Please answer this question :-

What is the frequency of a photon emitted during a transition from n=5 state to n=2 state in the hydrogen atom ? Which region of the spectrum does this trasition correspond to ? [ RH= 2.18 X 10^-18 J }

Thank You....
^_^

Answers

Answered by Anonymous
1

HELLO

GOOD MORNING

HERE'S UR ANS....

Use Rydberg's formula, Which is,

1/∆ = RH(1/n1^2-n2^2)z^2

∆(lambda) = which is the wavelength of the photon emitted.

Where RH is Rydberg's constant = 1.097 x 10^7 m^-1

n^1 = lower energy state, i.e 2 in this question.

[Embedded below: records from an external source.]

(* Let $f:\mathbb{R}^N\to\mathbb{R}^N$ be $C^2$, equivariant with respect to a compact group $\Gamma\subseteq O(N)$ (i.e. $f(\gamma x)=\gamma f(x)$ for all $x,\gamma$), and let $x_\ast$ be a periodic solution of $\dot x=f(x)$ with minimal period $p>0$ which is a discrete wave with $H/K\cong\mathbb{Z}_n$, $n\in\mathbb{N}$. Fix a spatio-temporal symmetry $h\in H$ with time shift $\theta_h$ and a scalar $b\in\mathbb{R}$, and let $U(t,s)$, $t\ge s$, be the family of solution operators on $C([-\theta_h,0],\mathbb{R}^N)$ of the linear DDE $$\dot y(t)=f'(x_\ast(t))y(t)+b\,[y(t)-h\,y(t-\theta_h)].$$ Then for all $t\ge s$, $$hU(t,s)=U(t+\theta_h,s+\theta_h)h\qquad\text{and}\qquad h^nU(t,s)=U(t,s)h^n.$$
   Context: $K=\{\gamma\in\Gamma\mid\gamma x_\ast(0)=x_\ast(0)\}$, $H=\{\gamma\in\Gamma\mid\gamma\mathcal{O}=\mathcal{O}\}$ where $\mathcal{O}$ is the orbit of $x_\ast$; for $h\in H$, $\theta_h\in[0,p)$ is defined by $hx_\ast(t)=x_\ast(t+\theta_h)$ for all $t$. The solution operator $U(t,s)$ maps $\varphi\in C([-\theta_h,0],\mathbb{R}^N)$ to the history segment $y_t$ (with $y_t(\vartheta)=y(t+\vartheta)$, $\vartheta\in[-\theta_h,0]$) of the solution $y$ of the linear DDE with $y(s+\vartheta)=\varphi(\vartheta)$ for $\vartheta\in[-\theta_h,0]$. A matrix $h$ acts on $C([-\theta_h,0],\mathbb{R}^N)$ pointwise: $(h\varphi)(\vartheta)=h\varphi(\vartheta)$. *)

theory Defs
  imports "HOL-Analysis.Analysis" "HOL-Algebra.Elementary_Groups"
begin

definition compact_orth_group :: "(real^'n^'n) set \<Rightarrow> bool" where
  "compact_orth_group G \<longleftrightarrow> compact G \<and> mat 1 \<in> G
     \<and> (\<forall>a\<in>G. \<forall>c\<in>G. a ** c \<in> G) \<and> (\<forall>a\<in>G. matrix_inv a \<in> G)
     \<and> (\<forall>a\<in>G. orthogonal_matrix a)"

definition matgrp :: "(real^'n^'n) set \<Rightarrow> (real^'n^'n) monoid" where
  "matgrp S = \<lparr>carrier = S, monoid.mult = (**), one = mat 1\<rparr>"

definition Kgrp :: "(real^'n^'n) set \<Rightarrow> (real \<Rightarrow> real^'n) \<Rightarrow> (real^'n^'n) set" where
  "Kgrp G x = {g \<in> G. g *v x 0 = x 0}"

definition Hgrp :: "(real^'n^'n) set \<Rightarrow> (real \<Rightarrow> real^'n) \<Rightarrow> (real^'n^'n) set" where
  "Hgrp G x = {g \<in> G. (\<lambda>v. g *v v) ` range x = range x}"

primrec matpow :: "real^'n^'n \<Rightarrow> nat \<Rightarrow> real^'n^'n" where
  "matpow A 0 = mat 1"
| "matpow A (Suc k) = A ** matpow A k"
(* Suppose $s \geq 2$, $a \geq 1$ with $at' \leq k_I-\delta$ and $t'(sk_I+a)+\delta-1 \leq q$. Then the linear code $\mathcal{C}^F$ over $\mathbb{F}_q$ with parity-check matrix $H^F$ (described in the context) is an optimal $\big(n_F=t'(sk_{I}+a+\delta-1),~k_F=st'k_I,~d_F=at'+\delta;~(r=sk_{I}+a,\delta)\big)$-LRC.
   Context: Let $q$ be a prime power and let $\delta\geq 2$, $t'\geq 1$, $s$, $a$, $k_I$ be positive integers; set $t=st'$, $r=sk_I+a$, $n_F=t'(r+\delta-1)$ and $k_F=tk_I$. Let $\alpha_{i,j}$ ($i\in[t]$, $j\in[k_I]$), $\beta_{i',j'}$ ($i'\in[t']$, $j'\in[a]$) and $\gamma_\ell$ ($\ell\in[\delta-1]$) be $tk_I+at'+\delta-1$ pairwise distinct elements of $\mathbb{F}_q$. For elements $x_1,\dots,x_n\in\mathbb{F}_q$, $V_k(x_1,\dots,x_n)$ denotes the $k\times n$ Vandermonde matrix whose $(u,v)$ entry is $x_v^{u-1}$. For $i\in[t']$ let $L_i$ be the ordered list of $r+\delta-1$ elements $\alpha_{s(i-1)+1,1},\dots,\alpha_{s(i-1)+1,k_I},\dots,\alpha_{si,1},\dots,\alpha_{si,k_I},\beta_{i,1},\dots,\beta_{i,a},\gamma_1,\dots,\gamma_{\delta-1}$. Let $A_i=V_{\delta-1}(L_i)\in\mathbb{F}_q^{(\delta-1)\times(r+\delta-1)}$, and let $B_i\in\mathbb{F}_q^{at'\times(r+\delta-1)}$ be the matrix whose rows are the entrywise powers of the list $L_i$ with exponents $\delta-1,\delta,\dots,at'+\delta-2$ (i.e., the row with exponent $e$ is $(y^{e})_{y\in L_i}$). Define $H^F$ as the block matrix with $A_1,\dots,A_{t'}$ placed block-diagonally in the top $t'(\delta-1)$ rows (zeros elsewhere) and the bottom block row $(B_1\;B_2\;\cdots\;B_{t'})$. An $(n,k,d;(r,\delta))$-LRC is a code of length $n$, dimension $k$, minimum distance $d$ in which each coordinate lies in a set $J$ of at most $r+\delta-1$ coordinates such that the restriction of the code to $J$ has minimum distance at least $\delta$; it is optimal if $d=n-k+1-(\lceil k/r\rceil-1)(\delta-1)$ (the Singleton-type bound). *)

theory Defs
  imports Complex_Main "HOL-Library.Cardinality"
begin

text \<open>Words of length n over the alphabet 'a are modelled as functions
  nat \<Rightarrow> 'a that vanish outside the coordinates {0..<n}.\<close>

definition hamming_dist :: "nat \<Rightarrow> (nat \<Rightarrow> 'a::zero) \<Rightarrow> (nat \<Rightarrow> 'a) \<Rightarrow> nat" where
  "hamming_dist n c c' = card {j\<in>{..<n}. c j \<noteq> c' j}"

definition min_dist :: "nat \<Rightarrow> (nat \<Rightarrow> 'a::zero) set \<Rightarrow> nat" where
  "min_dist n C = Min {hamming_dist n c c' | c c'. c \<in> C \<and> c' \<in> C \<and> c \<noteq> c'}"

definition is_LRC :: "nat \<Rightarrow> nat \<Rightarrow> nat \<Rightarrow> nat \<Rightarrow> nat \<Rightarrow> (nat \<Rightarrow> 'a::{finite,zero}) set \<Rightarrow> bool" where
  "is_LRC n k d r \<delta> C \<longleftrightarrow>
     C \<subseteq> {c. \<forall>j\<ge>n. c j = 0} \<and>
     card C = CARD('a) ^ k \<and>
     min_dist n C = d \<and>
     (\<forall>i<n. \<exists>J. J \<subseteq> {..<n} \<and> i \<in> J \<and> card J \<le> r + \<delta> - 1 \<and>
        (\<forall>c\<in>C. \<forall>c'\<in>C. (\<exists>j\<in>J. c j \<noteq> c' j) \<longrightarrow> \<delta> \<le> card {j\<in>J. c j \<noteq> c' j}))"

text \<open>Optimality: the Singleton-type bound d = n - k + 1 - (ceil(k/r) - 1)(delta - 1) is attained.\<close>
definition LRC_optimal :: "nat \<Rightarrow> nat \<Rightarrow> nat \<Rightarrow> nat \<Rightarrow> nat \<Rightarrow> bool" where
  "LRC_optimal n k d r \<delta> \<longleftrightarrow>
     int d = int n - int k + 1 - (\<lceil>real k / real r\<rceil> - 1) * (int \<delta> - 1)"

definition evpt :: "(nat \<Rightarrow> nat \<Rightarrow> 'a) \<Rightarrow> (nat \<Rightarrow> nat \<Rightarrow> 'a) \<Rightarrow> (nat \<Rightarrow> 'a)
    \<Rightarrow> nat \<Rightarrow> nat \<Rightarrow> nat \<Rightarrow> nat \<Rightarrow> nat \<Rightarrow> 'a" where
  "evpt \<alpha> \<beta> \<gamma> s kI a i p =
     (if p < s * kI then \<alpha> (s * i + p div kI) (p mod kI)
      else if p < s * kI + a then \<beta> i (p - s * kI)
      else \<gamma> (p - (s * kI + a)))"

text \<open>The code C^F = kernel of H^F. Coordinate i*(r+delta-1)+p corresponds to column p of block i.
  Rows of A_i: exponents 0..delta-2 on block i; rows of (B_1 ... B_t'): exponents
  delta-1 .. a t' + delta - 2 on all coordinates.\<close>
definition code_F :: "nat \<Rightarrow> nat \<Rightarrow> nat \<Rightarrow> nat \<Rightarrow> nat \<Rightarrow> (nat \<Rightarrow> nat \<Rightarrow> 'a::field) \<Rightarrow> (nat \<Rightarrow> nat \<Rightarrow> 'a)
    \<Rightarrow> (nat \<Rightarrow> 'a) \<Rightarrow> (nat \<Rightarrow> 'a) set" where
  "code_F \<delta> t' s a kI \<alpha> \<beta> \<gamma> =
     (let r = s * kI + a; m = r + \<delta> - 1; n = t' * m in
      {c. (\<forall>j\<ge>n. c j = 0) \<and>
          (\<forall>i<t'. \<forall>e<\<delta> - 1. (\<Sum>p<m. c (i * m + p) * evpt \<alpha> \<beta> \<gamma> s kI a i p ^ e) = 0) \<and>
          (\<forall>e\<in>{\<delta> - 1..<a * t' + \<delta> - 1}.
              (\<Sum>i<t'. \<Sum>p<m. c (i * m + p) * evpt \<alpha> \<beta> \<gamma> s kI a i p ^ e) = 0)})"

end

theory Submission
  imports Defs "HOL-Computational_Algebra.Polynomial" "HOL-Library.FuncSet"
begin

text \<open>All parity checks of the code are power sums of the evaluation points. Within a block the
  m = r + delta - 1 points are distinct and the first delta - 1 power sums vanish, so by the
  Vandermonde argument a nonzero difference of codewords has at least delta nonzero entries in
  every block it touches: this is the locality. Globally the first a t' + delta - 1 power sums
  vanish, but only over the points counted with multiplicity, since the delta - 1 gammas are shared
  by all blocks. Summing the entries over coordinates with a common point gives a vector on distinct
  points, of weight at least a t' + delta unless it vanishes; and it vanishes only for the zero
  codeword, as off the gammas it agrees with the codeword and locality then clears the gammas. A
  codeword supported on the first a t' + delta coordinates of one block attains the bound. The
  same collapsed weight shows that the s t' kI alpha coordinates determine a codeword, while
  counting the t' (delta - 1) + a t' parity equations bounds the dimension from below. Optimality
  then reduces to ceil (s t' kI / r) = t'.\<close>

section \<open>Vanishing power sums\<close>

lemma sum_mult_poly_eq_zero_if_power_sums_vanish:
  fixes x w :: "'b \<Rightarrow> 'a::comm_ring_1"
  assumes "\<forall>e<N. (\<Sum>p\<in>P. w p * x p ^ e) = 0" and "degree f < N"
  shows "(\<Sum>p\<in>P. w p * poly f (x p)) = 0"
proof -
  have "(\<Sum>p\<in>P. w p * poly f (x p)) = (\<Sum>i\<le>degree f. coeff f i * (\<Sum>p\<in>P. w p * x p ^ i))"
    by (simp add: poly_altdef sum_distrib_left sum.swap[of _ P] mult_ac)
  also have "\<dots> = 0"
    using assms by (intro sum.neutral) auto
  finally show ?thesis .
qed

lemma power_sums_vanish_imp_card_support_gt:
  fixes x w :: "'b \<Rightarrow> 'a::field"
  assumes "finite P" and "inj_on x P"
    and "\<forall>e<N. (\<Sum>p\<in>P. w p * x p ^ e) = 0" and "\<exists>p\<in>P. w p \<noteq> 0"
  shows "N < card {p\<in>P. w p \<noteq> 0}"
proof (rule ccontr)
  define T where "T = {p\<in>P. w p \<noteq> 0}"
  assume "\<not> N < card {p\<in>P. w p \<noteq> 0}"
  then have "card T \<le> N" by (simp add: T_def)
  obtain p0 where p0: "p0 \<in> P" "w p0 \<noteq> 0" using assms(4) by blast
  have "finite T" "p0 \<in> T" using assms(1) p0 by (simp_all add: T_def)
  \<comment> \<open>The polynomial vanishing on the other support points isolates the term of p0.\<close>
  define f where "f = (\<Prod>q\<in>T - {p0}. [:- x q, 1:])"
  have "degree f \<le> card (T - {p0})"
    unfolding f_def using degree_prod_sum_le[of "T - {p0}" "\<lambda>q. [:- x q, 1:]"] \<open>finite T\<close> by simp
  also have "\<dots> < N" using card_Diff1_less[OF \<open>finite T\<close> \<open>p0 \<in> T\<close>] \<open>card T \<le> N\<close> by linarith
  finally have "(\<Sum>p\<in>P. w p * poly f (x p)) = 0"
    using sum_mult_poly_eq_zero_if_power_sums_vanish assms(3) by blast
  moreover have "w p * poly f (x p) = 0" if "p \<in> P - {p0}" for p
    using that \<open>finite T\<close> by (cases "w p = 0") (auto simp: f_def poly_prod T_def)
  ultimately have "w p0 * poly f (x p0) = 0"
    using sum.remove[OF assms(1) p0(1), of "\<lambda>p. w p * poly f (x p)"] by simp
  moreover have "poly f (x p0) \<noteq> 0"
    using \<open>finite T\<close> assms(2) p0(1) by (auto simp: f_def poly_prod T_def inj_on_def)
  ultimately show False using p0(2) by simp
qed

section \<open>Counting solutions of homogeneous systems\<close>

lemma card_supported_functions:
  assumes "finite D"
  shows "card {x :: 'd \<Rightarrow> 'a::{finite,zero}. \<forall>j. j \<notin> D \<longrightarrow> x j = 0} = CARD('a) ^ card D"
proof -
  have "bij_betw (\<lambda>x. restrict x D) {x :: 'd \<Rightarrow> 'a. \<forall>j. j \<notin> D \<longrightarrow> x j = 0} (D \<rightarrow>\<^sub>E UNIV)"
    by (rule bij_betw_byWitness[where f' = "\<lambda>g j. if j \<in> D then g j else 0"])
      (auto simp: fun_eq_iff PiE_def extensional_def)
  then show ?thesis
    using assms by (simp add: bij_betw_same_card card_funcsetE)
qed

n^2 = higher energy state, i.e 5

Z = atomic number, here Z for hydrogen is 1

On substituting the given values we get,

1/∆ = 1.097 x 10^7(1/2^2–1/5^2)1^2

1/∆ = 1.097x 10^7(1/4–1/25)

1/∆ = 1.097 x 10^7(0.21)

1/∆ = 0.23 x 10^7

On doing reciprocal we get ∆(lambda), i.e the wavelength of the emitted photon.

∆= 4.347 x 10^-7 m

But we require its frequency,

Therefore, frequency = c/∆

(c= speed of light)

3x10^8/4.347x10^-7 = 0.69 x 10^15

Therefore, frequency= 0.69 x 10^15


Anonymous: my pleasure ;)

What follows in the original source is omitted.